• Exercise directions: Find how many lines below hold "parallel", and give that number as the entire answer.

-- Records follows --

(* Let $m\ge n\ge p\ge 1$, let $A$ be an $m\times n$ real matrix and $N=\operatorname{diag}(\mu_1,\dots,\mu_p)$ with $\mu_1>\dots>\mu_p>0$. On $M=\mathrm{St}(p,m)\times\mathrm{St}(p,n)$ with metric $\langle(\xi_1,\eta_1),(\xi_2,\eta_2)\rangle_{(U,V)}=\operatorname{tr}(\xi_1^T\xi_2)+\operatorname{tr}(\eta_1^T\eta_2)$ and retraction $R_{(U,V)}(\xi,\eta)=(\mathrm{qf}(U+\xi),\mathrm{qf}(V+\eta))$, let $F(U,V)=\operatorname{tr}(U^TAVN)$. Then there exists $L>0$ such that \[ \bigl|\mathrm{D}(F\circ R_{(U,V)})(t\zeta)[\zeta]-\mathrm{D}(F\circ R_{(U,V)})(0)[\zeta]\bigr|\le Lt \] for all $(U,V)\in M$, $\zeta=(\xi,\eta)\in T_{(U,V)}M$ with $\|\zeta\|_{(U,V)}=1$, and $t\ge 0$.
   Context: $\mathrm{St}(p,n)=\{X\in\mathbb{R}^{n\times p}: X^TX=I_p\}$; for a full-rank $B$, $\mathrm{qf}(B)$ denotes the $Q$-factor of the unique decomposition $B=QR'$ with $Q$ having orthonormal columns and $R'$ upper triangular with positive diagonal. *)

theory Defs
  imports "HOL-Analysis.Analysis"
begin

definition stiefel :: "(real^('p::finite)^('m::finite)) set" where
  "stiefel = {X. transpose X ** X = mat 1}"

definition stiefel_tangent :: "real^('p::finite)^('m::finite) \<Rightarrow> (real^('p::finite)^('m::finite)) set" where
  "stiefel_tangent U = {\<xi>. transpose U ** \<xi> + transpose \<xi> ** U = 0}"

definition upper_tri :: "real^('p::{finite,wellorder})^('p::{finite,wellorder}) \<Rightarrow> bool" where
  "upper_tri R \<longleftrightarrow> (\<forall>i j. j < i \<longrightarrow> R$i$j = 0)"

definition qf :: "real^('p::{finite,wellorder})^('m::finite) \<Rightarrow> real^('p::{finite,wellorder})^('m::finite)" where
  "qf B = (THE Q. transpose Q ** Q = mat 1 \<and>
              (\<exists>R. upper_tri R \<and> (\<forall>i. R$i$i > 0) \<and> B = Q ** R))"

definition diagm :: "(('p::finite) \<Rightarrow> real) \<Rightarrow> real^('p::finite)^('p::finite)" where
  "diagm \<mu> = (\<chi> i j. if i = j then \<mu> i else 0)"

definition prod_metric ::
  "real^('p::finite)^('m::finite) \<Rightarrow> real^('p::finite)^('n::finite) \<Rightarrow> real^('p::finite)^('m::finite) \<Rightarrow> real^('p::finite)^('n::finite) \<Rightarrow> real" where
  "prod_metric \<xi>1 \<eta>1 \<xi>2 \<eta>2 = trace (transpose \<xi>1 ** \<xi>2) + trace (transpose \<eta>1 ** \<eta>2)"

definition costF ::
  "real^('n::finite)^('m::finite) \<Rightarrow> real^('p::finite)^('p::finite) \<Rightarrow> real^('p::finite)^('m::finite) \<Rightarrow> real^('p::finite)^('n::finite) \<Rightarrow> real" where
  "costF A N U V = trace (transpose U ** A ** V ** N)"

definition pullback_ray ::
  "real^('n::finite)^('m::finite) \<Rightarrow> real^('p::{finite,wellorder})^('p::{finite,wellorder}) \<Rightarrow> real^('p::{finite,wellorder})^('m::finite) \<Rightarrow> real^('p::{finite,wellorder})^('n::finite)
     \<Rightarrow> real^('p::{finite,wellorder})^('m::finite) \<Rightarrow> real^('p::{finite,wellorder})^('n::finite) \<Rightarrow> real \<Rightarrow> real" where
  "pullback_ray A N U V \<xi> \<eta> s = costF A N (qf (U + s *\<^sub>R \<xi>)) (qf (V + s *\<^sub>R \<eta>))"

end

theory Submission
  imports Defs
begin

text \<open>
  For a tangent vector \<open>\<xi>\<close> at \<open>U\<close> one has \<open>(U + s\<xi>)\<^sup>T(U + s\<xi>) = I + s\<^sup>2\<xi>\<^sup>T\<xi>\<close>, so the ray
  \<open>U + s\<xi>\<close> has full rank and \<open>qf (U + s\<xi>) = (U + s\<xi>) T(s)\<close>, where \<open>T(s)\<close> is the inverse of the
  triangular QR factor.  Differentiating \<open>T\<^sup>T(I + s\<^sup>2\<xi>\<^sup>T\<xi>)T = I\<close> shows that \<open>T\<close> is differentiable
  with \<open>T' = - T \<Gamma>(2s T\<^sup>T\<xi>\<^sup>T\<xi>T)\<close>, where \<open>\<Gamma>\<close> keeps the strictly upper part and half the diagonal.
  Since \<open>\<parallel>T\<parallel>\<^sup>2 + s\<^sup>2\<parallel>\<xi>T\<parallel>\<^sup>2 = p\<close>, all of \<open>T\<close>, \<open>s\<xi>T\<close>, \<open>T'\<close>, the Q-factor and its derivative
  are bounded by constants depending only on \<open>p\<close> when \<open>\<parallel>\<xi>\<parallel> \<le> 1\<close>.  Hence the derivative of the
  pullback is uniformly bounded, and on \<open>[0,1]\<close> it is uniformly Lipschitz at \<open>0\<close>, because these
  bounds propagate through the sums and products that make it up.  For \<open>t \<ge> 1\<close> the uniform bound
  on the derivative suffices.
\<close>

section \<open>Matrix algebra and the Frobenius norm\<close>

lemma matrix_mult_nth: "(A ** B) $ i $ j = (\<Sum>k\<in>UNIV. A $ i $ k * B $ k $ j)"
  by (simp add: matrix_matrix_mult_def)

lemma transpose_nth: "transpose A $ i $ j = A $ j $ i"
  by (simp add: transpose_def)

lemma matrix_add_rdistrib: "(B + C) ** A = B ** A + C ** (A :: 'a::semiring_1^_^_)"
  by (simp add: vec_eq_iff matrix_mult_nth distrib_right sum.distrib)

lemma transpose_add: "transpose (A + B) = transpose A + transpose (B :: 'a::plus^_^_)"
  by (simp add: vec_eq_iff transpose_nth)

lemma transpose_diff: "transpose (A - B) = transpose A - transpose (B :: 'a::minus^_^_)"
  by (simp add: vec_eq_iff transpose_nth)

lemma transpose_uminus: "transpose (- A) = - transpose (A :: 'a::uminus^_^_)"
  by (simp add: vec_eq_iff transpose_nth)

lemma matrix_mult_scaleR_left: "(c *\<^sub>R A) ** B = c *\<^sub>R (A ** B)" for A :: "real^'n^'m"
  by (simp add: vec_eq_iff matrix_mult_nth sum_distrib_left mult.assoc)

lemma matrix_mult_scaleR_right: "A ** (c *\<^sub>R B) = c *\<^sub>R (A ** B)" for A :: "real^'n^'m"
  by (simp add: vec_eq_iff matrix_mult_nth sum_distrib_left algebra_simps)

lemma matrix_mult_diff_left: "(A - C) ** B = A ** B - C ** (B :: 'a::ring_1^_^_)"
  by (simp add: vec_eq_iff matrix_mult_nth sum_subtractf algebra_simps)

lemma matrix_mult_diff_right: "A ** (B - C) = A ** B - A ** (C :: 'a::ring_1^_^_)"
  by (simp add: vec_eq_iff matrix_mult_nth sum_subtractf algebra_simps)

lemma matrix_mult_uminus_left: "(- A) ** B = - (A ** (B :: 'a::ring_1^_^_))"
  by (simp add: vec_eq_iff matrix_mult_nth sum_negf)

lemma matrix_mult_uminus_right: "A ** (- B) = - (A ** (B :: 'a::ring_1^_^_))"
  by (simp add: vec_eq_iff matrix_mult_nth sum_negf)

lemmas matrix_mult_simps = matrix_add_ldistrib matrix_add_rdistrib
  matrix_mult_scaleR_left matrix_mult_scaleR_right matrix_mult_diff_left matrix_mult_diff_right
  matrix_mult_uminus_left matrix_mult_uminus_right transpose_add transpose_diff transpose_uminus
  transpose_scalar matrix_transpose_mul

lemma trace_scaleR: "trace (c *\<^sub>R A) = c * trace (A :: real^'n^'n)"
  by (simp add: trace_def sum_distrib_left)

lemma bounded_bilinear_matrix_mult:
  "bounded_bilinear ((**) :: real^'n^'m \<Rightarrow> real^'k^'n \<Rightarrow> real^'k^'m)"
  by (rule bilinear_conv_bounded_bilinear[THEN iffD1])
    (auto simp: bilinear_def intro!: linearI simp: matrix_mult_simps)

lemma bounded_linear_transpose: "bounded_linear (transpose :: real^'n^'m \<Rightarrow> real^'m^'n)"
  by (rule linear_conv_bounded_linear[THEN iffD1])
    (auto intro!: linearI simp: transpose_add transpose_scalar)

lemma bounded_linear_trace: "bounded_linear (trace :: real^'n^'n \<Rightarrow> real)"
  by (rule linear_conv_bounded_linear[THEN iffD1])
    (auto intro!: linearI simp: trace_add trace_scaleR)

lemma inner_matrix_eq_trace: "(X :: real^'n^'m) \<bullet> Y = trace (transpose X ** Y)"
  by (simp add: inner_vec_def trace_def matrix_mult_nth transpose_nth) (subst sum.swap, simp)

lemma norm_matrix_sq_eq_trace: "norm (X :: real^'n^'m) ^ 2 = trace (transpose X ** X)"
  by (simp add: power2_norm_eq_inner inner_matrix_eq_trace)

lemma norm_matrix_sq: "norm (X :: real^'n^'m) ^ 2 = (\<Sum>i\<in>UNIV. \<Sum>j\<in>UNIV. (X $ i $ j)\<^sup>2)"
  by (simp add: norm_vec_def L2_set_def sum_nonneg power2_eq_square)

lemma norm_transpose: "norm (transpose (X :: real^'n^'m)) = norm X"
proof -
  have "norm (transpose X) ^ 2 = norm X ^ 2"
    unfolding norm_matrix_sq by (simp add: transpose_nth) (rule sum.swap)
  then show ?thesis by (simp add: power2_eq_iff_nonneg)
qed

lemma norm_orthonormal_columns:
  "transpose (Q :: real^'p^'m) ** Q = mat 1 \<Longrightarrow> norm Q = sqrt (real CARD('p))"
  using norm_matrix_sq_eq_trace[of Q] by (simp add: trace_I real_sqrt_unique)

text \<open>The norm of \<open>real^'n^'m\<close> is the Frobenius norm; apply Cauchy-Schwarz to each entry.\<close>

lemma norm_matrix_mult_le: "norm ((A :: real^'n^'m) ** (B :: real^'k^'n)) \<le> norm A * norm B"
proof -
  have entry: "((A ** B) $ i $ j)\<^sup>2 \<le> (\<Sum>k\<in>UNIV. (A $ i $ k)\<^sup>2) * (\<Sum>k\<in>UNIV. (B $ k $ j)\<^sup>2)" for i j
  proof -
    have "(A ** B) $ i $ j = (\<chi> k. A $ i $ k) \<bullet> (\<chi> k. B $ k $ j)"
      by (simp add: matrix_mult_nth inner_vec_def)
    then have "\<bar>(A ** B) $ i $ j\<bar> \<le> norm (\<chi> k. A $ i $ k) * norm (\<chi> k. B $ k $ j)"
      by (metis Cauchy_Schwarz_ineq2)
    then have "((A ** B) $ i $ j)\<^sup>2 \<le> (norm (\<chi> k. A $ i $ k) * norm (\<chi> k. B $ k $ j))\<^sup>2"
      by (metis abs_ge_zero power2_abs power_mono)
    then show ?thesis
      by (simp add: power_mult_distrib norm_vec_def L2_set_def sum_nonneg)
  qed
  have "norm (A ** B) ^ 2
      \<le> (\<Sum>i\<in>UNIV. \<Sum>j\<in>UNIV. (\<Sum>k\<in>UNIV. (A $ i $ k)\<^sup>2) * (\<Sum>k\<in>UNIV. (B $ k $ j)\<^sup>2))"
    unfolding norm_matrix_sq by (intro sum_mono entry)
  also have "\<dots> = (\<Sum>i\<in>UNIV. \<Sum>k\<in>UNIV. (A $ i $ k)\<^sup>2) * (\<Sum>k\<in>UNIV. \<Sum>j\<in>UNIV. (B $ k $ j)\<^sup>2)"
    by (subst sum.swap[of _ UNIV UNIV]) (rule sum_product[symmetric])
  also have "\<dots> = (norm A * norm B)\<^sup>2"
    by (simp add: norm_matrix_sq power_mult_distrib)
  finally show ?thesis by (meson mult_nonneg_nonneg norm_ge_zero power2_le_imp_le)
qed

lemma abs_trace_le: "\<bar>trace (X :: real^'n^'n)\<bar> \<le> sqrt (real CARD('n)) * norm X"
proof -
  have "\<bar>trace X\<bar> = \<bar>mat 1 \<bullet> X\<bar>" by (simp add: inner_matrix_eq_trace)
  also have "\<dots> \<le> norm (mat 1 :: real^'n^'n) * norm X" by (rule Cauchy_Schwarz_ineq2)
  finally show ?thesis by (simp add: norm_orthonormal_columns)
qed

lemma sum_UNIV_eq_single:
  fixes f :: "'a::finite \<Rightarrow> 'b::comm_monoid_add"
  assumes "\<And>k. k \<noteq> i \<Longrightarrow> f k = 0"
  shows "(\<Sum>k\<in>UNIV. f k) = f i"
  using assms by (subst sum.remove[of UNIV i]) (auto intro!: sum.neutral)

-- Records concluded --

• Result below: 2